If passed, this amendment would allow Parliament, on the rare occasion that it rejects regulations, to do so quite clearly on the record of the individual territory that the Government propose to sign an agreement with. That is right, proportionate and the sensible way to deal with this important part of public policy; no other agreement will be put at risk. It is good government, and I hope noble Lords will support the amendment if it is put to the vote.
My Lords, on previous occasions this House has spoken at length on the question of what constitutes appropriate parliamentary scrutiny, in the wider sense, in relation to the addition of any territory, and has just done so again on Amendment 2. I will now expand further in addressing Amendment 3, in the names of the noble Baroness, Lady Hamwee, and the noble and learned Lord, Lord Judge, which seeks to mandate that this be done by individual statutory instrument for each suggested country.
I was slightly dismayed to hear noble Lords talk about mutual extradition arrangements because, as I have clarified on several occasions, this has not, and never has been, about mutual extradition arrangements.
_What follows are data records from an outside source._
lemma mem_open_nbhd_hyperplane:
  fixes a :: "'a::euclidean_space"
  assumes a: "norm a = 1"
  shows "x \<in> open_nbhd {y. a \<bullet> y = b} c \<longleftrightarrow> \<bar>a \<bullet> x - b\<bar> < c"
proof
  assume "x \<in> open_nbhd {y. a \<bullet> y = b} c"
  then obtain y where y: "a \<bullet> y = b" and "dist x y < c"
    unfolding open_nbhd_def by blast
  moreover have "\<bar>a \<bullet> (x - y)\<bar> \<le> dist x y"
    using Cauchy_Schwarz_ineq2[of a "x - y"] a by (simp add: dist_norm)
  ultimately show "\<bar>a \<bullet> x - b\<bar> < c" by (simp add: inner_diff_right)
next
  assume less: "\<bar>a \<bullet> x - b\<bar> < c"
  define y where "y = x - (a \<bullet> x - b) *\<^sub>R a"
  have "a \<bullet> y = b" using a by (simp add: y_def inner_diff_right dot_square_norm)
  moreover have "dist x y < c" using a less by (simp add: y_def dist_norm)
  ultimately show "x \<in> open_nbhd {y. a \<bullet> y = b} c" unfolding open_nbhd_def by blast
qed

lemma slab_limit_subset_hyperplane:
  fixes a :: "nat \<Rightarrow> 'a::real_inner"
  assumes lim: "(\<lambda>n. (a n, b n)) \<longlonglongrightarrow> (a0, b0)" and "e \<longlonglongrightarrow> 0"
    and thin: "\<And>n x. x \<in> K \<Longrightarrow> \<bar>a n \<bullet> x - b n\<bar> \<le> e n"
  shows "K \<subseteq> {x. a0 \<bullet> x = b0}"
proof
  fix x assume "x \<in> K"
  have "(\<lambda>n. \<bar>a n \<bullet> x - b n\<bar>) \<longlonglongrightarrow> \<bar>a0 \<bullet> x - b0\<bar>"
    using tendsto_fst[OF lim] tendsto_snd[OF lim]
    by (auto intro!: tendsto_rabs tendsto_diff tendsto_inner tendsto_const)
  then have "\<bar>a0 \<bullet> x - b0\<bar> \<le> 0"
    using LIMSEQ_le[OF _ \<open>e \<longlonglongrightarrow> 0\<close>] thin[OF \<open>x \<in> K\<close>] by blast
  then show "x \<in> {x. a0 \<bullet> x = b0}" by simp
qed

lemma subset_open_nbhd_hyperplaneE:
  fixes K :: "'a::euclidean_space set"
  assumes "affine_hyperplane L" and "K \<subseteq> open_nbhd L \<epsilon>"
  obtains a b where "norm a = 1" and "\<forall>x\<in>K. \<bar>a \<bullet> x - b\<bar> < \<epsilon>"
proof -
  from assms(1) obtain a b where a: "norm a = 1" and L: "L = {x. a \<bullet> x = b}"
    by (rule affine_hyperplane_unit_normal)
  show thesis
  proof (rule that[OF a], rule ballI)
    fix x assume "x \<in> K"
    with assms(2) have "x \<in> open_nbhd {x. a \<bullet> x = b} \<epsilon>" unfolding L by blast
    then show "\<bar>a \<bullet> x - b\<bar> < \<epsilon>" by (simp add: mem_open_nbhd_hyperplane[OF a])
  qed
qed

lemma compact_in_hyperplane_if_thin:
  fixes K :: "'a::euclidean_space set"
  assumes K: "compact K" "K \<noteq> {}"
    and thin: "\<forall>n. \<exists>L. affine_hyperplane L \<and> K \<subseteq> open_nbhd L (inverse (Suc n))"
  shows "\<exists>L. affine_hyperplane L \<and> K \<subseteq> L"
proof -
  have "\<exists>a b. norm a = 1 \<and> (\<forall>x\<in>K. \<bar>a \<bullet> x - b\<bar> < inverse (Suc n))" for n
  proof -
    obtain L where "affine_hyperplane L" and "K \<subseteq> open_nbhd L (inverse (Suc n))"
      using thin by blast
    then obtain a b where "norm a = 1" and "\<forall>x\<in>K. \<bar>a \<bullet> x - b\<bar> < inverse (Suc n)"
      by (rule subset_open_nbhd_hyperplaneE)
    then show ?thesis by blast
  qed
  then obtain a b where unit: "\<And>n. norm (a n) = 1"
    and close: "\<And>n x. x \<in> K \<Longrightarrow> \<bar>a n \<bullet> x - b n\<bar> < inverse (Suc n)"
    by metis
  obtain M where M: "\<And>x. x \<in> K \<Longrightarrow> norm x \<le> M"
    using compact_imp_bounded[OF K(1)] unfolding bounded_iff by blast
  obtain x0 where x0: "x0 \<in> K" using K(2) by blast
  define S where "S = sphere (0::'a) 1 \<times> cball (0::real) (M + 1)"
  have "(a n, b n) \<in> S" for n
  proof -
    have "\<bar>a n \<bullet> x0\<bar> \<le> M"
      using Cauchy_Schwarz_ineq2[of "a n" x0] unit[of n] M[OF x0] by simp
    moreover have "\<bar>a n \<bullet> x0 - b n\<bar> < 1"
      using close[OF x0, of n] by (simp add: inverse_le_1_iff order.strict_trans2)
    ultimately show ?thesis using unit[of n] unfolding S_def by auto
  qed
  moreover have "compact S" unfolding S_def by (intro compact_Times compact_sphere compact_cball)
  ultimately obtain l r where "l \<in> S" and r: "strict_mono r"
    and lim: "((\<lambda>n. (a n, b n)) \<circ> r) \<longlonglongrightarrow> l"
    by (meson compact_imp_seq_compact seq_compactE)
  moreover obtain a0 b0 where l: "l = (a0, b0)" by fastforce
  ultimately have "a0 \<noteq> 0" unfolding S_def by auto
  have "K \<subseteq> {x. a0 \<bullet> x = b0}"
  proof (rule slab_limit_subset_hyperplane[of "a \<circ> r" "b \<circ> r" a0 b0 "\<lambda>n. inverse (Suc (r n))"])
    show "(\<lambda>n. ((a \<circ> r) n, (b \<circ> r) n)) \<longlonglongrightarrow> (a0, b0)"
      using lim l by (simp add: o_def)
    show "(\<lambda>n. inverse (real (Suc (r n)))) \<longlonglongrightarrow> 0"
      using LIMSEQ_subseq_LIMSEQ[OF LIMSEQ_inverse_real_of_nat r] by (simp add: o_def)
    show "\<bar>(a \<circ> r) n \<bullet> x - (b \<circ> r) n\<bar> \<le> inverse (Suc (r n))" if "x \<in> K" for n x
      using close[OF that, of "r n"] by simp
  qed
  then show ?thesis using affine_hyperplaneI[OF \<open>a0 \<noteq> 0\<close>] by blast
qed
We do not do this on behalf of other countries, and if, for example, we did it on behalf of Turkey, the courts would throw it out—even if the Government could get it through Parliament, the courts would throw it out.
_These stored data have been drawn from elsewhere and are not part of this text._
(* Let $1\le d<n$ and $r\ge1$ be integers such that $$\left(1+d(n-d)+\binom{d}{2}\binom{n-d}{2}\right)r\le\binom{n}{d}.$$ Then the secant variety $\sigma_r(\mathcal{M}_{n,(1^d)})$ of the hypersimplex variety has the expected dimension $\min\{nr-1,\binom{n}{d}-1\}$, which here equals $nr-1$.
   Context: Work over $\mathbb{C}$. The variety $\mathcal{M}_{n,(1^d)}\subset\mathbb{P}^{\binom{n}{d}-1}$ is the toric variety of the hypersimplex $\Delta(n,d)=\mathrm{conv}\{e_{l_1}+\cdots+e_{l_d}:1\le l_1<\cdots<l_d\le n\}$. Concretely, it has coordinates $m_{i_1\cdots i_n}$ for $0/1$ vectors with exactly $d$ ones, and it is the Zariski closure of the image of $(\mu_{11},\ldots,\mu_{n1})\mapsto\bigl(\prod_{k:i_k=1}\mu_{k1}\bigr)$. It has dimension $n-1$. Its $r$-th secant variety $\sigma_r(\mathcal{M}_{n,(1^d)})$ is the Zariski closure of the image of $m_{i_1\cdots i_n}=\sum_{j=1}^r\prod_{k:i_k=1}\mu^{(j)}_{k1}$. Its expected dimension is $\min\{r(n-1)+r-1,\binom nd-1\}$. *)

theory Defs
  imports Complex_Main "HOL-Library.Poly_Mapping"
begin

type_synonym 'v cpoly = "('v \<Rightarrow>\<^sub>0 nat) \<Rightarrow>\<^sub>0 complex"

definition poly_eval :: "'v cpoly \<Rightarrow> ('v \<Rightarrow> complex) \<Rightarrow> complex" where
  "poly_eval p x = (\<Sum>\<alpha>\<in>Poly_Mapping.keys p. Poly_Mapping.lookup p \<alpha> * (\<Prod>v\<in>Poly_Mapping.keys \<alpha>. (x v) ^ (Poly_Mapping.lookup \<alpha> v)))"

definition poly_vars :: "'v cpoly \<Rightarrow> 'v set" where
  "poly_vars p = (\<Union>m\<in>Poly_Mapping.keys p. Poly_Mapping.keys m)"

definition alg_indep_on :: "('v \<Rightarrow> complex) set \<Rightarrow> 'v set \<Rightarrow> bool" where
  "alg_indep_on V S \<longleftrightarrow>
     (\<forall>p. poly_vars p \<subseteq> S \<longrightarrow> (\<forall>x\<in>V. poly_eval p x = 0) \<longrightarrow> p = 0)"

text \<open>Dimension of the Zariski closure of V inside the affine space with coordinates C:
  the transcendence degree of its coordinate ring, i.e. the maximal number of
  coordinates that are algebraically independent on V.\<close>
definition affine_dim :: "'v set \<Rightarrow> ('v \<Rightarrow> complex) set \<Rightarrow> nat" where
  "affine_dim C V = Max {card S | S. S \<subseteq> C \<and> alg_indep_on V S}"

text \<open>Coordinates of P^(binom n d - 1): the d-subsets of {0..<n}
  (identified with 0/1 vectors with exactly d ones).\<close>
definition hyp_coords :: "nat \<Rightarrow> nat \<Rightarrow> nat set set" where
  "hyp_coords n d = {S. S \<subseteq> {..<n} \<and> card S = d}"

text \<open>Image of the parametrization of the r-th secant variety (affine cone):
  m_S = sum_{j<r} prod_{k in S} mu^(j)_k.\<close>
definition secant_param_image :: "nat \<Rightarrow> nat \<Rightarrow> nat \<Rightarrow> (nat set \<Rightarrow> complex) set" where
  "secant_param_image n d r =
     {x. \<exists>\<mu> :: nat \<Rightarrow> nat \<Rightarrow> complex.
          x = (\<lambda>S. if S \<in> hyp_coords n d then (\<Sum>j<r. \<Prod>k\<in>S. \<mu> j k) else 0)}"

text \<open>Projective dimension of sigma_r(M_{n,(1^d)}) = dimension of its affine cone minus 1.\<close>
definition secant_dim :: "nat \<Rightarrow> nat \<Rightarrow> nat \<Rightarrow> nat" where
  "secant_dim n d r = affine_dim (hyp_coords n d) (secant_param_image n d r) - 1"

end

theory Submission
  imports Defs "HOL-Library.FuncSet" "HOL-Computational_Algebra.Polynomial"
begin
When this issue was debated in Committee, it was pointed out that statutory instruments that seek to specify new territories are not amendable. Some feel that this may create a difficulty for this House if regulations were laid which sought to specify multiple countries. As I have said before, the process of potentially listing multiple countries already exists for adding territories to both parts of the Extradition Act 2003.
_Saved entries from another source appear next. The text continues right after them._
lemma Chi_Lam_xp:
  assumes z: "z \<in> W"
  shows "dir_deriv e_p Chi z * dir_deriv e_x Phi z - p_coord z * dir_deriv e_p Lam z - Lam z
    = dir_deriv e_x Chi z * Phi_p z"
proof -
  have Phi_x: "dir_deriv e_x Phi differentiable (at z)"
    using smooth_on_imp_differentiable[OF smooth_on_dir_deriv[OF open_W smooth_lifted(1) R4_Basis(1)] z] .
  have "dir_deriv e_p (dir_deriv e_x Psi) z
      = dir_deriv e_p (\<lambda>y. Chi y * dir_deriv e_x Phi y - p_coord y * Lam y) z"
    by (rule dir_deriv_cong[OF open_W z]) (use dir_deriv_Psi(1) in auto)
  also have "\<dots> = Chi z * dir_deriv e_p (dir_deriv e_x Phi) z + dir_deriv e_p Chi z * dir_deriv e_x Phi z
      - (p_coord z * dir_deriv e_p Lam z + Lam z)"
    using differentiable_at_W[OF z] Phi_x by (simp add: dir_deriv_diff dir_deriv_mult)
  finally have xp: "dir_deriv e_p (dir_deriv e_x Psi) z = Chi z * dir_deriv e_p (dir_deriv e_x Phi) z
      + dir_deriv e_p Chi z * dir_deriv e_x Phi z - (p_coord z * dir_deriv e_p Lam z + Lam z)" .
  have "dir_deriv e_x (dir_deriv e_p Psi) z = dir_deriv e_x (\<lambda>y. Chi y * Phi_p y) z"
    by (rule dir_deriv_cong[OF open_W z]) (use dir_deriv_Psi(3) in auto)
  also have "\<dots> = Chi z * dir_deriv e_x Phi_p z + dir_deriv e_x Chi z * Phi_p z"
    using differentiable_at_W[OF z] by (simp add: dir_deriv_mult)
  finally have px: "dir_deriv e_x (dir_deriv e_p Psi) z = Chi z * dir_deriv e_x Phi_p z + dir_deriv e_x Chi z * Phi_p z" .
  have "dir_deriv e_p (dir_deriv e_x Phi) z = dir_deriv e_x Phi_p z"
    using dir_deriv_commute[OF open_W smooth_lifted(1) z R4_Basis(1) R4_Basis(3)] by (simp add: dir_deriv_Phi)
  then show ?thesis
    using dir_deriv_commute[OF open_W smooth_lifted(2) z R4_Basis(1) R4_Basis(3)] xp px by simp
qed

lemma Chi_p_eq:
  assumes z: "z \<in> W"
  shows "dir_deriv e_p Chi z * D Phi z - Phi_p z * D Chi z = Lam z"
  using Chi_Lam_up[OF z] Chi_Lam_xp[OF z] unfolding D_Phi_expand D_Chi_expand by algebra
My Lords, I thank the noble Lords who engaged very constructively with the Bill, particularly the noble Lords, Lord Kennedy and Lord Paddick, the noble Baroness, Lady Hamwee, the noble and learned Lord, Lord Judge, and my noble and learned friend Lord Mackay of Clashfern. The Chief Whip’s beeper is going so I think he wants me to keep my comments short.
Extradition is not an easy subject, but this has been most interesting legislation, with very well-drafted and thoughtful amendments. Everyone will benefit from the work done on this. I particularly thank officials from the Home Office, who have supported me so brilliantly throughout. I beg to move.
My Lords, I echo the noble Baroness’s comments. I thank all noble Lords who have taken part in the proceedings on the Bill. I enjoyed working with everybody concerned. I think that we have made the Bill better. As always, the noble Baroness has been courteous and kind and always prepared to engage with me constructively. I also thank all her officials from the Home Office for the way they have worked with me during the Bill’s passage.
My Lords, I too thank everyone who has been involved with the Bill. As the noble Baroness, Lady Williams, said, it is not an easy subject, although some of the amendments that we have had to consider have in fact been relatively straightforward. I suspect we will discuss extradition quite a lot over the next few months and years, so we will all get to know the subject even better. I congratulate her on seeing this through. I really appreciate the help of officials and staff. Who thought, when we started on the passage of the Bill, that we would have had such an extraordinary experience?